If courts view these barriers as insurmountable, they will render algorithms immune from equal protection review and will (yet again) fail to deliver on the promise of the Equal Protection Clause. The slow deterioration of the Equal Protection Clause has occurred because “the presumption--despite staggering evidence--seems now to be that nondiscrimination is the norm ....” However, if the courts permit this presumption to eviscerate equal protection challenges to algorithms, a burgeoning number of state policies will be deemed unreviewable, given that government reliance on algorithms is becoming more pervasive across the board, including in decisions of who gets access to healthcare, who teaches American children, and who receives loans.
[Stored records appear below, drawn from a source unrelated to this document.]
lemma sum_proper_prime_power_inverse_le:
  "(\<Sum>d<N. if primepow d \<and> \<not> prime d then 1 / real d else 0) \<le> 1"
proof -
  define I where "I = {2..N} \<times> {2..N}"
  have "(\<Sum>d<N. if primepow d \<and> \<not> prime d then 1 / real d else 0)
      = (\<Sum>d\<in>{d\<in>{..<N}. primepow d \<and> \<not> prime d}. 1 / real d)"
    by (rule sum.inter_filter[symmetric]) simp
  also have "\<dots> \<le> (\<Sum>d\<in>(\<lambda>(m,k). m^k) ` I. 1 / real d)"
    unfolding I_def by (intro sum_mono2 proper_prime_powers_subset) auto
  also have "\<dots> \<le> (\<Sum>(m,k)\<in>I. 1 / real (m^k))"
    using sum_image_le[of I "\<lambda>d. 1 / real d" "\<lambda>(m,k). m^k"] unfolding I_def
    by (simp add: case_prod_unfold comp_def)
  also have "\<dots> = (\<Sum>m=2..N. \<Sum>k=2..N. (1 / real m)^k)"
    unfolding I_def by (simp add: sum.cartesian_product power_one_over)
  also have "\<dots> \<le> (\<Sum>m=2..N. 1 / (real m * (real m - 1)))"
  proof (rule sum_mono)
    fix m assume m: "m \<in> {2..N}"
    then have "(\<Sum>k=2..N. (1 / real m)^k) \<le> (1 / real m)^2 / (1 - 1 / real m)"
      by (intro geometric_sum_from_2_le) auto
    also have "\<dots> = 1 / (real m * (real m - 1))" using m by (simp add: field_simps power2_eq_square)
    finally show "(\<Sum>k=2..N. (1 / real m)^k) \<le> 1 / (real m * (real m - 1))" .
  qed
  also have "\<dots> \<le> 1" by (rule sum_inverse_consecutive_le)
  finally show ?thesis .
qed

lemma summable_prime_power_excess: "summable prime_power_excess"
proof (rule summableI_nonneg_bounded)
  show "0 \<le> prime_power_excess n" for n by (rule prime_power_excess_bounds)
  show "(\<Sum>i<n. prime_power_excess i) \<le> 1" for n
    using sum_mono[of "{..<n}" prime_power_excess, OF prime_power_excess_bounds(2)]
      sum_proper_prime_power_inverse_le[of n] by linarith
qed
(* Let $\mathscr Q_n$ be a non-singular quadric in $\mathrm{PG}(n,q)$ of projective index $g$ with point-graph $\Gamma$, let $0\le s<g$, and let $\alpha_s$ be an $s$-dimensional subspace contained in $\mathscr Q_n$. Then every vertex of $\mathcal Y_s$ is adjacent in $\Gamma$ to $0$, $\frac12|\mathcal X_s|$ or $|\mathcal X_s|$ vertices of $\mathcal X_s$ if and only if $q=2$.
   Context: A non-singular quadric $\mathscr Q_n$ in $\mathrm{PG}(n,q)$ is the point set of a non-degenerate quadric; its projective index $g$ is the largest dimension of a projective subspace contained in $\mathscr Q_n$. The point-graph $\Gamma$ has vertex set the points of $\mathscr Q_n$, two distinct points adjacent iff the line joining them is contained in $\mathscr Q_n$. A point $X$ of $\mathscr Q_n$ has type (i) if $X\in\alpha_s$; type (ii) if $X\notin\alpha_s$ and the $(s+1)$-space $\langle\alpha_s,X\rangle$ is contained in $\mathscr Q_n$; type (iii) otherwise. $\mathcal X_s$ is the set of type (ii) points and $\mathcal Y_s$ the set of points of type (i) or (iii). *)

theory Defs
  imports "HOL-Analysis.Analysis"
begin

text \<open>PG(n,q) is modelled on the vector space 'a^'n over a finite field 'a,
  where q = CARD('a) and n + 1 = CARD('n).  A projective subspace of
  (projective) dimension k is a linear subspace of vector dimension k + 1;
  projective points are linear subspaces of dimension 1.\<close>

definition is_quadratic_form :: "('a::field ^'n \<Rightarrow> 'a) \<Rightarrow> bool" where
  "is_quadratic_form Q \<longleftrightarrow>
     (\<exists>c :: 'n \<Rightarrow> 'n \<Rightarrow> 'a. \<forall>x. Q x = (\<Sum>i\<in>UNIV. \<Sum>j\<in>UNIV. c i j * x$i * x$j))"

definition polar_form :: "('a::field ^'n \<Rightarrow> 'a) \<Rightarrow> 'a^'n \<Rightarrow> 'a^'n \<Rightarrow> 'a" where
  "polar_form Q x y = Q (x + y) - Q x - Q y"

definition nonsingular_qf :: "('a::field ^'n \<Rightarrow> 'a) \<Rightarrow> bool" where
  "nonsingular_qf Q \<longleftrightarrow> is_quadratic_form Q \<and>
     (\<forall>x. (\<forall>y. polar_form Q x y = 0) \<and> Q x = 0 \<longrightarrow> x = 0)"

definition proj_subspace :: "nat \<Rightarrow> ('a::field ^'n) set \<Rightarrow> bool" where
  "proj_subspace k W \<longleftrightarrow> vec.subspace W \<and> vec.dim W = k + 1"

definition proj_points :: "('a::field ^'n) set set" where
  "proj_points = {P. proj_subspace 0 P}"

definition on_quadric :: "('a::field ^'n \<Rightarrow> 'a) \<Rightarrow> ('a ^'n) set \<Rightarrow> bool" where
  "on_quadric Q W \<longleftrightarrow> (\<forall>x\<in>W. Q x = 0)"

definition quadric_points :: "('a::field ^'n \<Rightarrow> 'a) \<Rightarrow> ('a ^'n) set set" where
  "quadric_points Q = {P \<in> proj_points. on_quadric Q P}"

definition proj_index :: "('a::field ^'n \<Rightarrow> 'a) \<Rightarrow> int" where
  "proj_index Q = (GREATEST k::int. \<exists>W :: ('a^'n) set.
      vec.subspace W \<and> int (vec.dim W) = k + 1 \<and> on_quadric Q W)"

definition qadj :: "('a::field ^'n \<Rightarrow> 'a) \<Rightarrow> ('a ^'n) set \<Rightarrow> ('a ^'n) set \<Rightarrow> bool" where
  "qadj Q P R \<longleftrightarrow> P \<in> quadric_points Q \<and> R \<in> quadric_points Q \<and> P \<noteq> R \<and>
     on_quadric Q (vec.span (P \<union> R))"

definition X_set :: "('a::field ^'n \<Rightarrow> 'a) \<Rightarrow> ('a ^'n) set \<Rightarrow> ('a ^'n) set set" where
  "X_set Q A = {P \<in> quadric_points Q. \<not> P \<subseteq> A \<and> on_quadric Q (vec.span (A \<union> P))}"

definition Y_set :: "('a::field ^'n \<Rightarrow> 'a) \<Rightarrow> ('a ^'n) set \<Rightarrow> ('a ^'n) set set" where
  "Y_set Q A = quadric_points Q - X_set Q A"

end

(*
  Write B for the polar form of Q and let Y = <y> be a point of type (iii), so that B(a, y) = 1
  for some a in alpha_s.  Sliding along a, (x, t) |-> x + t a, is a bijection from
  (vectors of type (ii) points orthogonal to y) x GF(q) onto all vectors of type (ii) points;
  counting lines gives |X_s| = q |{X in X_s. X ~ Y}|.  A point of type (i) is adjacent to every
  point of X_s.  So for q = 2 the adjacency counts are |X_s| or |X_s|/2.  Conversely,
  nonsingularity provides a type (iii) point (a hyperbolic partner of a point of alpha_s), and
  s < g provides a type (ii) point inside a maximal singular subspace, so |X_s| > 0 and the
  count at that type (iii) point forces q = 2.
*)
theory Submission
  imports Defs
begin

lemma span_singleton_in_proj_points:
  "(p::'a::field ^'n) \<noteq> 0 \<Longrightarrow> vec.span {p} \<in> proj_points"
  unfolding proj_points_def proj_subspace_def by simp

lemma proj_pointsE:
  assumes "(P::('a::field ^'n) set) \<in> proj_points"
  obtains p where "p \<noteq> 0" "P = vec.span {p}"
proof -
  have sub: "vec.subspace P" and dim: "vec.dim P = 1"
    using assms unfolding proj_points_def proj_subspace_def by auto
  obtain B where B: "B \<subseteq> P" "vec.independent B" "P \<subseteq> vec.span B" "card B = vec.dim P"
    using vec.basis_exists by blast
  have "card B = 1" using B(4) dim by simp
  then obtain p where p: "B = {p}" by (rule card_1_singletonE)
  have "P = vec.span {p}"
    using B(1,3) p sub vec.span_minimal[of "{p}" P] by auto
  moreover have "p \<noteq> 0"
    using B(2) p vec.dependent_zero by blast
  ultimately show thesis using that by blast
qed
As municipalities begin to rely on black-box artificial intelligence to determine where to dispatch police officers, American jurisprudence must navigate ways to hold those machines accountable. Trust in police is already at a low ebb in the United States. If systematic racism is not just perpetuated but exacerbated by the facially discriminatory nature of machine learning, trust in police might be eroded entirely, particularly for communities of color. Further, this generation will be yet another in the history of the United States that has maintained racial discrimination in the criminal justice system. If police departments employ these algorithms for a sustained period of time, the algorithms' feedback loops could exacerbate disparate policing practices in the United States. If the Equal Protection Clause is truly meant to ensure that no state denies to “any person within its jurisdiction the equal protection of the laws,” then the Equal Protection Clause should protect against the facial discrimination of machine learning-based predictive policing algorithms.

Renata M. O'Donnell. J.D. Candidate, 2019, New York University School of Law; B.A., 2016, University of Pennsylvania.